(* Let $k\in\mathbb{N}_0$ and $f(s)=(s-1/2-k)\,\Gamma(1/2-s)$. Then for every $j\in\mathbb{N}$, \[ \lim_{s\to 1/2+k}f^{(j)}(s)=(-1)^{k+j-1}\,j!\sum_{\ell_1+\ell_2+\dots+\ell_{k+1}=j}\frac{\Gamma^{(\ell_{k+1})}(1)}{\ell_{k+1}!}\prod_{i=1}^{k}(k-i+1)^{-(\ell_i+1)}. \]
   Context: $f^{(j)}$ and $\Gamma^{(\ell)}$ denote derivatives; the sum ranges over tuples $(\ell_1,\dots,\ell_{k+1})$ of nonnegative integers with sum $j$; empty products equal $1$. *)

theory Defs
  imports "HOL-Analysis.Analysis"
begin

end

theory Submission
  imports Defs "HOL-Complex_Analysis.Complex_Analysis"
begin

(* With a = 1/2 + k and u = a - s, the functional equation \<Gamma>(u + 1) = u (u - 1) \<cdots> (u - k) \<Gamma>(u - k)
   gives f s = - u \<Gamma>(u - k) = - \<Gamma>(1 + u) / ((u - 1) \<cdots> (u - k)) for s \<noteq> a near a. The right-hand
   side is holomorphic in u on the unit disc, so f^(j)(s) tends to (-1)^j times its j-th derivative at
   u = 0. The general Leibniz rule expands that derivative of a product of k + 1 factors into a sum
   over weak compositions of j; the factor 1/(u - m) contributes -l!/m^(l+1) and \<Gamma>(1 + u)
   contributes \<Gamma>^(l)(1). *)

definition weak_compositions :: "'a set \<Rightarrow> nat \<Rightarrow> ('a \<Rightarrow> nat) set" where
  "weak_compositions A n = {l. (\<forall>i. i \<notin> A \<longrightarrow> l i = 0) \<and> sum l A = n}"

lemma finite_weak_compositions:
  assumes "finite A"
  shows "finite (weak_compositions A n)"
proof (rule finite_subset)
  show "weak_compositions A n
          \<subseteq> {l. \<forall>i. (i \<in> A \<longrightarrow> l i \<in> {..n}) \<and> (i \<notin> A \<longrightarrow> l i = 0)}"
    using assms by (auto simp: weak_compositions_def intro: member_le_sum)
qed (use assms in \<open>intro finite_set_of_finite_funs, auto\<close>)
definition finite_partition :: "'w set \<Rightarrow> 'w set set \<Rightarrow> bool" where
  "finite_partition \<Omega> P \<longleftrightarrow> finite P \<and> \<Union>P = \<Omega> \<and> {} \<notin> P \<and>
     (\<forall>A\<in>P. \<forall>B\<in>P. A \<noteq> B \<longrightarrow> A \<inter> B = {})"

definition refines :: "'w set set \<Rightarrow> 'w set set \<Rightarrow> bool" where
  "refines P Q \<longleftrightarrow> (\<forall>A\<in>P. \<exists>B\<in>Q. A \<subseteq> B)"

definition partition_mult :: "'w set set \<Rightarrow> 'w set set \<Rightarrow> 'w set set" where
  "partition_mult P Q = {A \<inter> B | A B. A \<in> P \<and> B \<in> Q \<and> A \<inter> B \<noteq> {}}"

definition family_times :: "'u set set \<Rightarrow> 'v set set \<Rightarrow> ('u \<times> 'v) set set" where
  "family_times \<A> \<B> = {A \<times> B | A B. A \<in> \<A> \<and> B \<in> \<B>}"

definition classical_model :: "('a, 'b, 'z) infostr_scheme \<Rightarrow> 'w set \<Rightarrow> ('a \<Rightarrow> 'w set set) \<Rightarrow> bool" where
  "classical_model S \<Omega> \<rho> \<longleftrightarrow>
     (\<forall>X\<in>Obj S. finite_partition \<Omega> (\<rho> X)) \<and>
     (\<forall>X\<in>Obj S. \<forall>Y\<in>Obj S. Arr S X Y \<longrightarrow> refines (\<rho> X) (\<rho> Y)) \<and>
     inj_on \<rho> (Obj S) \<and>
     (\<forall>X\<in>Obj S. \<exists>f. bij_betw f (Ev S X) (\<rho> X)) \<and>
     (\<forall>X\<in>Obj S. \<forall>Y\<in>Obj S. \<forall>M. is_meet S X Y M \<longrightarrow> \<rho> M = partition_mult (\<rho> X) (\<rho> Y))"

definition rho_prod :: "('a \<Rightarrow> 'u set set) \<Rightarrow> ('c \<Rightarrow> 'v set set) \<Rightarrow> 'a \<times> 'c \<Rightarrow> ('u \<times> 'v) set set" where
  "rho_prod \<rho>1 \<rho>2 = (\<lambda>(X1, X2). family_times (\<rho>1 X1) (\<rho>2 X2))"

fun rho_coprod :: "('a, 'b) infostr \<Rightarrow> 'u set \<Rightarrow> ('a \<Rightarrow> 'u set set) \<Rightarrow> 'v set \<Rightarrow> ('c \<Rightarrow> 'v set set)
    \<Rightarrow> 'a + 'c \<Rightarrow> ('u \<times> 'v) set set" where
  "rho_coprod S1 \<Omega>1 \<rho>1 \<Omega>2 \<rho>2 (Inl X) =
     (if X = Top S1 then {\<Omega>1 \<times> \<Omega>2} else family_times (\<rho>1 X) {\<Omega>2})"
| "rho_coprod S1 \<Omega>1 \<rho>1 \<Omega>2 \<rho>2 (Inr X) = family_times {\<Omega>1} (\<rho>2 X)"

end

theory Submission
  imports Defs
begin

(* The product model is built from rectangles: the blocks A \<times> B with A \<in> \<rho>1 X1 and
  B \<in> \<rho>2 X2 partition \<Omega>1 \<times> \<Omega>2, and refinement, products of partitions and the
  cardinalities of the sets E(X) all factor through the two coordinates; injectivity holds because a
  rectangle with nonempty sides determines its sides.

  For the coproduct, send Inl X to \<langle>X, 1\<rangle> and Inr Y to \<langle>1, Y\<rangle>. This embeds the coproduct into the
  product, preserving arrows and the meets that exist, and changes E only by a factor E(1), which is
  a singleton. Since \<rho>\<^sub>i(1) = {\<Omega>\<^sub>i}, the coproduct's \<rho> is the product model composed with this
  embedding, and a classical model restricts along any such embedding. *)

lemma information_structure_refl: "information_structure S \<Longrightarrow> X \<in> Obj S \<Longrightarrow> Arr S X X"
  unfolding information_structure_def by simp

lemma information_structure_antisym:
  "\<lbrakk>information_structure S; X \<in> Obj S; Y \<in> Obj S; Arr S X Y; Arr S Y X\<rbrakk> \<Longrightarrow> X = Y"
  unfolding information_structure_def by (elim conjE) metis

lemma information_structure_Top: "information_structure S \<Longrightarrow> Top S \<in> Obj S"
  unfolding information_structure_def by simp

lemma information_structure_arr_Top: "information_structure S \<Longrightarrow> X \<in> Obj S \<Longrightarrow> Arr S X (Top S)"
  unfolding information_structure_def by simp

lemma information_structure_Ev_Top: "information_structure S \<Longrightarrow> \<exists>e. Ev S (Top S) = {e}"
  unfolding information_structure_def by simp

lemma classical_model_partition:
  "classical_model S \<Omega> \<rho> \<Longrightarrow> X \<in> Obj S \<Longrightarrow> finite_partition \<Omega> (\<rho> X)"
  unfolding classical_model_def by simp

lemma classical_model_refines:
  "\<lbrakk>classical_model S \<Omega> \<rho>; X \<in> Obj S; Y \<in> Obj S; Arr S X Y\<rbrakk> \<Longrightarrow> refines (\<rho> X) (\<rho> Y)"
  unfolding classical_model_def by simp

lemma classical_model_inj_on: "classical_model S \<Omega> \<rho> \<Longrightarrow> inj_on \<rho> (Obj S)"
  unfolding classical_model_def by simp

lemma classical_model_eqpoll: "classical_model S \<Omega> \<rho> \<Longrightarrow> X \<in> Obj S \<Longrightarrow> Ev S X \<approx> \<rho> X"
  unfolding classical_model_def eqpoll_def by simp

lemma classical_model_meet:
  "\<lbrakk>classical_model S \<Omega> \<rho>; X \<in> Obj S; Y \<in> Obj S; is_meet S X Y M\<rbrakk>
    \<Longrightarrow> \<rho> M = partition_mult (\<rho> X) (\<rho> Y)"
  unfolding classical_model_def by simp

lemma classical_modelI:
  assumes "\<And>X. X \<in> Obj S \<Longrightarrow> finite_partition \<Omega> (\<rho> X)"
    and "\<And>X Y. \<lbrakk>X \<in> Obj S; Y \<in> Obj S; Arr S X Y\<rbrakk> \<Longrightarrow> refines (\<rho> X) (\<rho> Y)"
    and "inj_on \<rho> (Obj S)"
    and "\<And>X. X \<in> Obj S \<Longrightarrow> Ev S X \<approx> \<rho> X"
    and "\<And>X Y M. \<lbrakk>X \<in> Obj S; Y \<in> Obj S; is_meet S X Y M\<rbrakk> \<Longrightarrow> \<rho> M = partition_mult (\<rho> X) (\<rho> Y)"
  shows "classical_model S \<Omega> \<rho>"
  using assms unfolding classical_model_def eqpoll_def by simp
lemma opial_asymptotic_center:
  assumes "opial_condition TYPE('a::real_normed_vector)" "weakly_converges x (w :: 'a)"
  shows "asymptotic_distance x w \<le> asymptotic_distance x y"
  using assms unfolding opial_condition_def asymptotic_distance_def by (cases "y = w") auto

lemma tendsto_asymptotic_center:
  fixes x y :: "nat \<Rightarrow> 'a::real_normed_vector"
  assumes uc: "uniformly_convex_space TYPE('a)"
    and center: "\<And>z. asymptotic_distance x w \<le> asymptotic_distance x z"
    and finite: "asymptotic_distance x w \<noteq> \<infinity>"
    and minimizing: "limsup (\<lambda>m. asymptotic_distance x (y m)) \<le> asymptotic_distance x w"
  shows "y \<longlonglongrightarrow> w"
proof (rule tendstoI)
  obtain R where R: "asymptotic_distance x w = ereal R"
    using finite asymptotic_distance_nonneg[of x w] by (cases "asymptotic_distance x w") auto
  have "0 \<le> R" using asymptotic_distance_nonneg[of x w] by (simp add: R)
  fix \<epsilon> :: real assume "0 < \<epsilon>"
  obtain \<eta> where "0 < \<eta>" and mid: "\<And>u v z :: 'a. \<epsilon> \<le> norm (u - v) \<Longrightarrow>
      norm (z - u) \<le> R + \<eta> \<Longrightarrow> norm (z - v) \<le> R + \<eta> \<Longrightarrow> norm (z - midpoint u v) \<le> R - \<eta>"
    using uniformly_convex_midpoint[OF uc \<open>0 \<le> R\<close> \<open>0 < \<epsilon>\<close>] by blast
  have "limsup (\<lambda>m. asymptotic_distance x (y m)) < ereal (R + \<eta>)"
    using minimizing \<open>0 < \<eta>\<close> R by (auto intro: order.strict_trans1)
  then show "\<forall>\<^sub>F m in sequentially. dist (y m) w < \<epsilon>"
  proof (rule Limsup_lessD[THEN eventually_mono])
    fix m assume close: "asymptotic_distance x (y m) < ereal (R + \<eta>)"
    show "dist (y m) w < \<epsilon>"
    proof (rule ccontr)
      assume "\<not> dist (y m) w < \<epsilon>"
      then have far: "\<epsilon> \<le> norm (y m - w)" by (simp add: dist_norm)
      have "asymptotic_distance x w < ereal (R + \<eta>)" using R \<open>0 < \<eta>\<close> by simp
      with close have "eventually (\<lambda>n. norm (x n - y m) < R + \<eta> \<and> norm (x n - w) < R + \<eta>) sequentially"
        by (intro eventually_conj asymptotic_distance_lessD)
      then have "eventually (\<lambda>n. norm (x n - midpoint (y m) w) \<le> R - \<eta>) sequentially"
        by (rule eventually_mono) (use mid far in auto)
      then have "asymptotic_distance x (midpoint (y m) w) \<le> ereal (R - \<eta>)"
        by (rule asymptotic_distance_le)
      with center[of "midpoint (y m) w"] have "asymptotic_distance x w \<le> ereal (R - \<eta>)"
        by (rule order_trans)
      with R \<open>0 < \<eta>\<close> show False by simp
    qed
  qed
qed

definition uniformly_locally_lipschitzian ::
    "'a::real_normed_vector set \<Rightarrow> real \<Rightarrow> (nat \<Rightarrow> real) \<Rightarrow> ('a \<Rightarrow> 'a) \<Rightarrow> bool" where
  "uniformly_locally_lipschitzian Q r \<beta> T \<longleftrightarrow>
     (\<forall>p\<in>Q. \<forall>p'\<in>Q. \<forall>n\<ge>1. norm (p - p') < r \<longrightarrow>
        norm ((T ^^ n) p - (T ^^ n) p') \<le> \<beta> n * norm (p - p'))"

lemma uniformly_locally_lipschitzianD:
  "uniformly_locally_lipschitzian Q r \<beta> T \<Longrightarrow> p \<in> Q \<Longrightarrow> p' \<in> Q \<Longrightarrow>
    norm (p - p') < r \<Longrightarrow> 1 \<le> n \<Longrightarrow>
     norm ((T ^^ n) p - (T ^^ n) p') \<le> \<beta> n * norm (p - p')"
  by (simp add: uniformly_locally_lipschitzian_def)

lemma funpow_mem: "T ` Q \<subseteq> Q \<Longrightarrow> x \<in> Q \<Longrightarrow> (T ^^ n) x \<in> Q"
  by (induction n) auto

lemma uniformly_locally_lipschitzian_continuous_on:
  assumes lip: "uniformly_locally_lipschitzian Q r \<beta> T" and "0 < r"
  shows "continuous_on Q T"
  unfolding continuous_on_iff
proof (intro ballI allI impI)
  fix x e assume "x \<in> Q" "0 < (e::real)"
  define \<delta> where "\<delta> = min r (e / (\<bar>\<beta> 1\<bar> + 1))"
  have "0 < \<delta>" using \<open>0 < r\<close> \<open>0 < e\<close> by (simp add: \<delta>_def)
  moreover have "dist (T x') (T x) < e" if "x' \<in> Q" "dist x' x < \<delta>" for x'
  proof -
    have "dist (T x') (T x) \<le> \<beta> 1 * dist x' x"
      using uniformly_locally_lipschitzianD[OF lip \<open>x' \<in> Q\<close> \<open>x \<in> Q\<close>, of 1] that
      by (simp add: dist_norm \<delta>_def)
    also have "\<dots> \<le> \<bar>\<beta> 1\<bar> * \<delta>"
      using that by (intro mult_mono) auto
    also have "\<dots> \<le> \<bar>\<beta> 1\<bar> * (e / (\<bar>\<beta> 1\<bar> + 1))"
      by (intro mult_left_mono) (auto simp: \<delta>_def)
    also have "\<dots> < e"
      using \<open>0 < e\<close> by (simp add: field_simps)
    finally show ?thesis .
  qed
  ultimately show "\<exists>\<delta>>0. \<forall>x'\<in>Q. dist x' x < \<delta> \<longrightarrow> dist (T x') (T x) < e" by blast
qed

lemma tendsto_iterate_displacement:
  assumes lip: "uniformly_locally_lipschitzian Q r \<beta> T" and "0 < r" "T ` Q \<subseteq> Q"
    and "\<And>n. x n \<in> Q" and displacement: "(\<lambda>n. x n - T (x n)) \<longlonglongrightarrow> 0"
  shows "(\<lambda>n. x n - (T ^^ m) (x n)) \<longlonglongrightarrow> 0"
proof (induction m)
  case (Suc m)
  have "(\<lambda>n. (T ^^ m) (x n) - (T ^^ m) (T (x n))) \<longlonglongrightarrow> 0"
  proof (cases "m = 0")
    case False
    have "eventually (\<lambda>n. norm (x n - T (x n)) < r) sequentially"
      using displacement \<open>0 < r\<close> by (auto dest: tendsto_norm_zero order_tendstoD(2))
    then have "eventually (\<lambda>n. norm ((T ^^ m) (x n) - (T ^^ m) (T (x n))) \<le> \<beta> m * norm (x n - T (x n))) sequentially"
      by (rule eventually_mono)
        (use False assms(3,4) in \<open>auto intro!: uniformly_locally_lipschitzianD[OF lip]\<close>)
    moreover have "(\<lambda>n. \<beta> m * norm (x n - T (x n))) \<longlonglongrightarrow> 0"
      using tendsto_mult_right_zero[OF tendsto_norm_zero[OF displacement]] .
    ultimately show ?thesis by (rule Lim_null_comparison)
  qed (use displacement in simp)
  with Suc.IH have "(\<lambda>n. (x n - (T ^^ m) (x n)) + ((T ^^ m) (x n) - (T ^^ m) (T (x n)))) \<longlonglongrightarrow> 0"
    by (rule tendsto_add_zero)
  then show ?case by (simp only: funpow_Suc_right comp_def) simp
qed simp

lemma asymptotic_distance_iterate_le:
  assumes lip: "uniformly_locally_lipschitzian Q r \<beta> T" and "0 < r" "T ` Q \<subseteq> Q"
    and "\<And>n. x n \<in> Q" "w \<in> Q" and displacement: "(\<lambda>n. x n - T (x n)) \<longlonglongrightarrow> 0"
    and radius: "asymptotic_distance x w < ereal r" and "1 \<le> m" "0 \<le> \<beta> m"
  shows "asymptotic_distance x ((T ^^ m) w) \<le> ereal (\<beta> m) * asymptotic_distance x w"
proof -
  have "eventually (\<lambda>n. ereal (norm (x n - (T ^^ m) w))
      \<le> ereal (norm (x n - (T ^^ m) (x n))) + ereal (\<beta> m) * ereal (norm (x n - w))) sequentially"
    using asymptotic_distance_lessD[OF radius]
  proof (rule eventually_mono)
    fix n assume "norm (x n - w) < r"
    then have "norm ((T ^^ m) (x n) - (T ^^ m) w) \<le> \<beta> m * norm (x n - w)"
      using assms(4,5,8) by (intro uniformly_locally_lipschitzianD[OF lip])
    then show "ereal (norm (x n - (T ^^ m) w))
        \<le> ereal (norm (x n - (T ^^ m) (x n))) + ereal (\<beta> m) * ereal (norm (x n - w))"
      using norm_triangle_ineq[of "x n - (T ^^ m) (x n)" "(T ^^ m) (x n) - (T ^^ m) w"] by simp
  qed
  then have "asymptotic_distance x ((T ^^ m) w)
      \<le> limsup (\<lambda>n. ereal (norm (x n - (T ^^ m) (x n))) + ereal (\<beta> m) * ereal (norm (x n - w)))"
    unfolding asymptotic_distance_def by (rule Limsup_mono)
  also have "\<dots> = 0 + limsup (\<lambda>n. ereal (\<beta> m) * ereal (norm (x n - w)))"
  proof (rule ereal_limsup_lim_add)
    show "(\<lambda>n. ereal (norm (x n - (T ^^ m) (x n)))) \<longlonglongrightarrow> 0"
      using tendsto_norm_zero[OF tendsto_iterate_displacement[OF lip assms(2-4) displacement]]
      by (simp add: zero_ereal_def tendsto_ereal)
  qed simp
  also have "\<dots> = ereal (\<beta> m) * asymptotic_distance x w"
    unfolding asymptotic_distance_def by (simp only: add.left_neutral limsup_ereal_mult_left[OF \<open>0 \<le> \<beta> m\<close>])
  finally show ?thesis .
qed

lemma limsup_asymptotic_distance_orbit_le:
  assumes "uniformly_locally_lipschitzian Q r \<beta> T" and "0 < r" "T ` Q \<subseteq> Q"
    and "\<And>n. x n \<in> Q" "w \<in> Q" and "(\<lambda>n. x n - T (x n)) \<longlonglongrightarrow> 0"
    and "asymptotic_distance x w < ereal r" and "\<And>m. 0 \<le> \<beta> m" "\<beta> \<longlonglongrightarrow> 1"
  shows "limsup (\<lambda>m. asymptotic_distance x ((T ^^ m) w)) \<le> asymptotic_distance x w"
proof -
  have "eventually (\<lambda>m. asymptotic_distance x ((T ^^ m) w) \<le> ereal (\<beta> m) * asymptotic_distance x w)
      sequentially"
    using eventually_ge_at_top[of 1] by (rule eventually_mono)
      (rule asymptotic_distance_iterate_le[OF assms(1-7) _ assms(8)])
  then have "limsup (\<lambda>m. asymptotic_distance x ((T ^^ m) w))
      \<le> limsup (\<lambda>m. ereal (\<beta> m) * asymptotic_distance x w)"
    by (rule Limsup_mono)
  also have "\<dots> = 1 * limsup (\<lambda>_. asymptotic_distance x w)"
    using \<open>\<beta> \<longlonglongrightarrow> 1\<close> by (intro ereal_limsup_lim_mult) (simp_all add: one_ereal_def)
  also have "\<dots> = asymptotic_distance x w"
    by (simp add: Limsup_const)
  finally show ?thesis .
qed

theorem mainTheorem4:
  fixes Q :: "'a::banach set" and T :: "'a \<Rightarrow> 'a"
    and r :: real and \<beta> :: "nat \<Rightarrow> real"
    and q :: "nat \<Rightarrow> 'a" and w :: 'a
  assumes "uniformly_convex_space TYPE('a)"
    and "opial_condition TYPE('a)"
    and "closed Q" and "convex Q" and "bounded Q"
    and "r > 0"
    and "\<And>n. \<beta> n > 0"
    and "\<beta> \<longlonglongrightarrow> 1"
    and "T ` Q \<subseteq> Q"
    and "\<And>p p' n. p \<in> Q \<Longrightarrow> p' \<in> Q \<Longrightarrow> norm (p - p') < r \<Longrightarrow> n \<ge> 1 \<Longrightarrow>
           norm ((T ^^ n) p - (T ^^ n) p') \<le> \<beta> n * norm (p - p')"
    and "\<And>n. q n \<in> Q"
    and "weakly_converges q w"
    and "(\<lambda>n. q n - T (q n)) \<longlonglongrightarrow> 0"
    and "asymptotic_radius q Q < ereal r"
  shows "T w = w"
proof -
  have lip: "uniformly_locally_lipschitzian Q r \<beta> T"
    unfolding uniformly_locally_lipschitzian_def using assms(10) by blast
  have "w \<in> Q" using assms(3,4,11,12) by (rule weak_limit_in_closed_convex)
  have center: "\<And>y. asymptotic_distance q w \<le> asymptotic_distance q y"
    using assms(2,12) by (rule opial_asymptotic_center)
  have "asymptotic_distance q w \<le> asymptotic_radius q Q"
    unfolding asymptotic_radius_eq_INF by (rule INF_greatest) (rule center)
  then have radius: "asymptotic_distance q w < ereal r"
    using assms(14) by (rule order.strict_trans1)
  have "limsup (\<lambda>m. asymptotic_distance q ((T ^^ m) w)) \<le> asymptotic_distance q w"
    using lip assms(6,9,11) \<open>w \<in> Q\<close> assms(13) radius less_imp_le[OF assms(7)] assms(8)
    by (rule limsup_asymptotic_distance_orbit_le)
  then have "(\<lambda>m. (T ^^ m) w) \<longlonglongrightarrow> w"
    using assms(1) center radius by (intro tendsto_asymptotic_center) auto
  with uniformly_locally_lipschitzian_continuous_on[OF lip assms(6)]
  have "(\<lambda>m. T ((T ^^ m) w)) \<longlonglongrightarrow> T w"
    using \<open>w \<in> Q\<close> by (rule continuous_on_tendsto_compose)
      (simp add: funpow_mem[OF assms(9) \<open>w \<in> Q\<close>])
  moreover have "(\<lambda>m. T ((T ^^ m) w)) \<longlonglongrightarrow> w"
    using LIMSEQ_Suc[OF \<open>(\<lambda>m. (T ^^ m) w) \<longlonglongrightarrow> w\<close>] by (simp only: funpow.simps comp_def)
  ultimately show ?thesis by (rule LIMSEQ_unique)
qed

[Task requirements] Please determine how many lines of the listing above include the word "blast" and state only that number.

[Worked solution] 3